- _What you will do_: Write out every line from the listing below where the string "because" is found.

- _Excerpted records_:
_ _ _ _ _

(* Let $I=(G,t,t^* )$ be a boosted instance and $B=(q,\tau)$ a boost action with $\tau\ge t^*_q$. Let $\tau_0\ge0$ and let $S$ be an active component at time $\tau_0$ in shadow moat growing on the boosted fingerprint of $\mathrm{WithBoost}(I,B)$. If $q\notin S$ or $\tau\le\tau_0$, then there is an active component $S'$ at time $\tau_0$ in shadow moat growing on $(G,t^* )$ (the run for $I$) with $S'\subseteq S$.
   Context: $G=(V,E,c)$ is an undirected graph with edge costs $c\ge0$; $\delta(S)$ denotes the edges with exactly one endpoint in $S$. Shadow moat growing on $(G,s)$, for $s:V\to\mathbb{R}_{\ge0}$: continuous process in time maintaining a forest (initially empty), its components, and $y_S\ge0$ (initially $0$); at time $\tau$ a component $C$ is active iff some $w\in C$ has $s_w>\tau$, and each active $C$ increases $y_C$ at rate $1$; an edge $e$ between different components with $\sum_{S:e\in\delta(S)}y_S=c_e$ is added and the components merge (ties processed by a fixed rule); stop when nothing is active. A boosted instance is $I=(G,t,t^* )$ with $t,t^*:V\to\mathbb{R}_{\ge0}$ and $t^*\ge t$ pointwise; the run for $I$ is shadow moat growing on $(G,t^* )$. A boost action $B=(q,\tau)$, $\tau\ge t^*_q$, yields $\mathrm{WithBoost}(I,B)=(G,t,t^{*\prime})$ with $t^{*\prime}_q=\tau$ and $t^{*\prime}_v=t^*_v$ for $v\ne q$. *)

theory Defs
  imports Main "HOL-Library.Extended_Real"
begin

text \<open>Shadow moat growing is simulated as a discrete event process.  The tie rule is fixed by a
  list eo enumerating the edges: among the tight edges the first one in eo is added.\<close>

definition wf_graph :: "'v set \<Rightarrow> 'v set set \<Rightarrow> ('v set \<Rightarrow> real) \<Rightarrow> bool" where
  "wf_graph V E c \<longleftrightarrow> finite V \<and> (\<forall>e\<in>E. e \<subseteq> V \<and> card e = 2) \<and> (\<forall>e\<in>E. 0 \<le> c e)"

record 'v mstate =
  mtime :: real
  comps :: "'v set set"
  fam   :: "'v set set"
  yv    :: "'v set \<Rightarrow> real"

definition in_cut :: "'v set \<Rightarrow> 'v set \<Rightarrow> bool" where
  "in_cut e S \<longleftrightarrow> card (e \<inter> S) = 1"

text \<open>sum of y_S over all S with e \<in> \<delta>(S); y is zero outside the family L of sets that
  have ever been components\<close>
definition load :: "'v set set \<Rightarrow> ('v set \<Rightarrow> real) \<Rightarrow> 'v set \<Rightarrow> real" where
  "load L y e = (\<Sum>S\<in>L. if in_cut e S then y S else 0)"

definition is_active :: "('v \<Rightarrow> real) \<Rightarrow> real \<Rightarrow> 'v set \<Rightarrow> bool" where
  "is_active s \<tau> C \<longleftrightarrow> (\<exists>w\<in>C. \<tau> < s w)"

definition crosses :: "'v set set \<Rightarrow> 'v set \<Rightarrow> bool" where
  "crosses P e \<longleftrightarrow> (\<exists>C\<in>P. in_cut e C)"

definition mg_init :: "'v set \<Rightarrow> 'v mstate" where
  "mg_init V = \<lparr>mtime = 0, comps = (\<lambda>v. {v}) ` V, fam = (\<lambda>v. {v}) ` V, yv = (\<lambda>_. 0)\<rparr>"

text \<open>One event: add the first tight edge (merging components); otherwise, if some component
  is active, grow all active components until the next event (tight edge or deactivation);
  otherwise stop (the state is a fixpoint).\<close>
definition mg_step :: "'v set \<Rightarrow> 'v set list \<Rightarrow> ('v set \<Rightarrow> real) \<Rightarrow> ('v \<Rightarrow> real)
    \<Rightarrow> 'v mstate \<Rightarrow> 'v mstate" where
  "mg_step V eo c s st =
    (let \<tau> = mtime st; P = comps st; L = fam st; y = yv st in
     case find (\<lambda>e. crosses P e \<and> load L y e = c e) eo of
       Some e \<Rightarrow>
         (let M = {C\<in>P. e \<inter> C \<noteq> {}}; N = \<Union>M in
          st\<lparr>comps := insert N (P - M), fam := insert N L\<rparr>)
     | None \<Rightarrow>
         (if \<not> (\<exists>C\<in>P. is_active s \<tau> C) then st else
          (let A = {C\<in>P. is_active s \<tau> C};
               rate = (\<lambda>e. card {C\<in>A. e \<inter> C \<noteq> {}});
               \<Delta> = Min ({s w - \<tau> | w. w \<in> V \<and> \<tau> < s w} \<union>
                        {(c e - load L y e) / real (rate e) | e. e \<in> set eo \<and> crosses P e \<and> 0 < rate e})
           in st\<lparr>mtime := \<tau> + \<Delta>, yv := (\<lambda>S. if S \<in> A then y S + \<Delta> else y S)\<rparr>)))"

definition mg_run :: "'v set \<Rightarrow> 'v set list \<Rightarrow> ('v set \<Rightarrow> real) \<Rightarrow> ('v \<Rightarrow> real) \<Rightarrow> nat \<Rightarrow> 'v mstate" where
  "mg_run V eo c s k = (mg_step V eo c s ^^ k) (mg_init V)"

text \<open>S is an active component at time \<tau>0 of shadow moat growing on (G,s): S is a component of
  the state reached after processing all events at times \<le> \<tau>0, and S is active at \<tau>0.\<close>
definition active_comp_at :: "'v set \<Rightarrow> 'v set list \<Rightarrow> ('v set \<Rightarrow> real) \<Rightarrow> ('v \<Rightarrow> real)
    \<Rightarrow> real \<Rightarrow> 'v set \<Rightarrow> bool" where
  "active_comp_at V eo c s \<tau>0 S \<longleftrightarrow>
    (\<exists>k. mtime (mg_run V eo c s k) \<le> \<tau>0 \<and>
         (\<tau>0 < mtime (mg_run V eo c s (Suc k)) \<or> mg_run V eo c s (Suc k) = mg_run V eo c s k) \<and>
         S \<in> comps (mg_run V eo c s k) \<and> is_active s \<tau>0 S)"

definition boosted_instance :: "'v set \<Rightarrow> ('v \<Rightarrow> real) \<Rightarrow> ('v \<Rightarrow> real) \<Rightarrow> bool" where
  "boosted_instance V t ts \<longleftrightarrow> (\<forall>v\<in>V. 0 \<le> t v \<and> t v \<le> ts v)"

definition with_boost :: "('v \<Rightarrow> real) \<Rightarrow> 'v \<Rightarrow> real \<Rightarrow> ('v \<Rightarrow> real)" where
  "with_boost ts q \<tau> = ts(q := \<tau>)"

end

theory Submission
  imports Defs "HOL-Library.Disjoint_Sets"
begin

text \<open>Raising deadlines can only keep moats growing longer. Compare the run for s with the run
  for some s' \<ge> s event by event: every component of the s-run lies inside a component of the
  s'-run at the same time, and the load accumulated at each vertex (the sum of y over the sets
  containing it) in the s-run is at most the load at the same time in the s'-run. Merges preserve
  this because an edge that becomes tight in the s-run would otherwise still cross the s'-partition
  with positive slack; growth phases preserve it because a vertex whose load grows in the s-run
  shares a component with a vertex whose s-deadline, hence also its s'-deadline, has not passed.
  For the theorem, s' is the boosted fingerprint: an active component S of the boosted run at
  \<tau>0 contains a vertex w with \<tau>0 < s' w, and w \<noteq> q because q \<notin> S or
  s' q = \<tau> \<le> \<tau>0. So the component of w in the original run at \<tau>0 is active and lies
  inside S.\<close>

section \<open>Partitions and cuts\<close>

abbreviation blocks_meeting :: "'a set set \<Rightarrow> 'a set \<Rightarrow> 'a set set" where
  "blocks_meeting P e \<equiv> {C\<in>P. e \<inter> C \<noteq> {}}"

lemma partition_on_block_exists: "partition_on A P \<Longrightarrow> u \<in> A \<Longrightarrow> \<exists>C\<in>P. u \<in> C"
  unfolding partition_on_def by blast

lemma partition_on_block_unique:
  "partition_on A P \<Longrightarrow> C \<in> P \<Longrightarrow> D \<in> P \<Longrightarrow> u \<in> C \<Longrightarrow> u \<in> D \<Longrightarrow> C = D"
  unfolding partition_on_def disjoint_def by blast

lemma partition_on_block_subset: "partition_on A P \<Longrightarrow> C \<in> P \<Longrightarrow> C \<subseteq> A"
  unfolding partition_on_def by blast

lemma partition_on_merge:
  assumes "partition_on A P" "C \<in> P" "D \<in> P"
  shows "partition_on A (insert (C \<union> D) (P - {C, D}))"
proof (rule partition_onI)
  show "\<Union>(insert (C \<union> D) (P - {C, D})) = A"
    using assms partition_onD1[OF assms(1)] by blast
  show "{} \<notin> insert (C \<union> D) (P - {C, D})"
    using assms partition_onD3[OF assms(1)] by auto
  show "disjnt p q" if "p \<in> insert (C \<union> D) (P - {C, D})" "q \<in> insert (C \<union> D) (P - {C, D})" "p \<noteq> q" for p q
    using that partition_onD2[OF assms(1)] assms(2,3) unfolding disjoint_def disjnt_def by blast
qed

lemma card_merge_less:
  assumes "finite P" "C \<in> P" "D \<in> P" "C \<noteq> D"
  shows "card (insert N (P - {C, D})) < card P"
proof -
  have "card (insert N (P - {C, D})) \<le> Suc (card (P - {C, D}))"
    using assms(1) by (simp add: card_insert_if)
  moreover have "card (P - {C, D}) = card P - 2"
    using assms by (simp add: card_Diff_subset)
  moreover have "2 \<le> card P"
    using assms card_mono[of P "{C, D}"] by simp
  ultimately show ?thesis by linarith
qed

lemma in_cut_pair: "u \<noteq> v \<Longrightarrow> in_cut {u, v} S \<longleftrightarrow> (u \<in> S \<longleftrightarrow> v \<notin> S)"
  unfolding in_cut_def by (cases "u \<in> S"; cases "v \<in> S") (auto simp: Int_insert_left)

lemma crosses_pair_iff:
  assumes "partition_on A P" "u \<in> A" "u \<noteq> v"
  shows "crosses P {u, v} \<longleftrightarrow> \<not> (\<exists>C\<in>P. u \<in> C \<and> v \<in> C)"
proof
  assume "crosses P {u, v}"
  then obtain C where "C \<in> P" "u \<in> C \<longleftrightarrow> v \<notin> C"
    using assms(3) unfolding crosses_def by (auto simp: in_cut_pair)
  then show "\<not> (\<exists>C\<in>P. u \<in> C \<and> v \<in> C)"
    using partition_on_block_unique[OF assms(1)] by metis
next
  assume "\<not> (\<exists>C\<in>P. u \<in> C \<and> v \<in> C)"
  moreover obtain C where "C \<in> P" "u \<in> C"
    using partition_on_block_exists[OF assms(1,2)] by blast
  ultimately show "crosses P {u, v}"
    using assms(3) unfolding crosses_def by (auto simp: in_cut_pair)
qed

_ _ _ _ _

- _Response to the task_:
  this because an edge that becomes tight in the s-run would otherwise still cross the s'-partition
  with positive slack; growth phases preserve it because a vertex whose load grows in the s-run
  \<tau>0 contains a vertex w with \<tau>0 < s' w, and w \<noteq> q because q \<notin> S or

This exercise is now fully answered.